SUPPLIED MATERIAL START
theorem proposition2p10:
  fixes L :: "('a::topological_space \<Rightarrow> real) set"
    and c :: "('a \<Rightarrow> real) \<Rightarrow> real"
  assumes "compact (UNIV :: 'a set)"
    and "metrizable_space (euclidean :: 'a topology)"
    and "admissible_lattice L"
    and "capacity L c"
  shows "(\<exists>D. countable D \<and> D \<subseteq> L1_space L c \<and>
            (\<forall>g\<in>L1_space L c. \<forall>e>0. \<exists>d\<in>D. cap_ext L c (\<lambda>x. g x - d x) < ennreal e))
       \<and> compact_space (weak_star_ball L c)
       \<and> metrizable_space (weak_star_ball L c)"
proof -
  interpret lattice_capacity L c
    using assms(3,4) by (rule lattice_capacity.intro)
  obtain D where "countable D" "D \<subseteq> L"
    and dense: "\<forall>g\<in>L1_space L c. \<forall>e>0. \<exists>d\<in>D. cap_ext L c (\<lambda>x. g x - d x) < ennreal e"
    using L1_space_separable[OF assms(1,2)] by blast
  moreover have "D \<subseteq> L1_space L c"
    using \<open>D \<subseteq> L\<close> L_subset_L1_space by blast
  ultimately show ?thesis
    using compact_space_weak_star_ball metrizable_space_weak_star_ball by blast
qed

end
SUPPLIED MATERIAL END
◆ WHAT TO WORK ON ◆
Where a line above includes "using", copy that line.

◆ COMPLETED EXERCISE ◆
    using assms(3,4) by (rule lattice_capacity.intro)
    using L1_space_separable[OF assms(1,2)] by blast
    using \<open>D \<subseteq> L\<close> L_subset_L1_space by blast
    using compact_space_weak_star_ball metrizable_space_weak_star_ball by blast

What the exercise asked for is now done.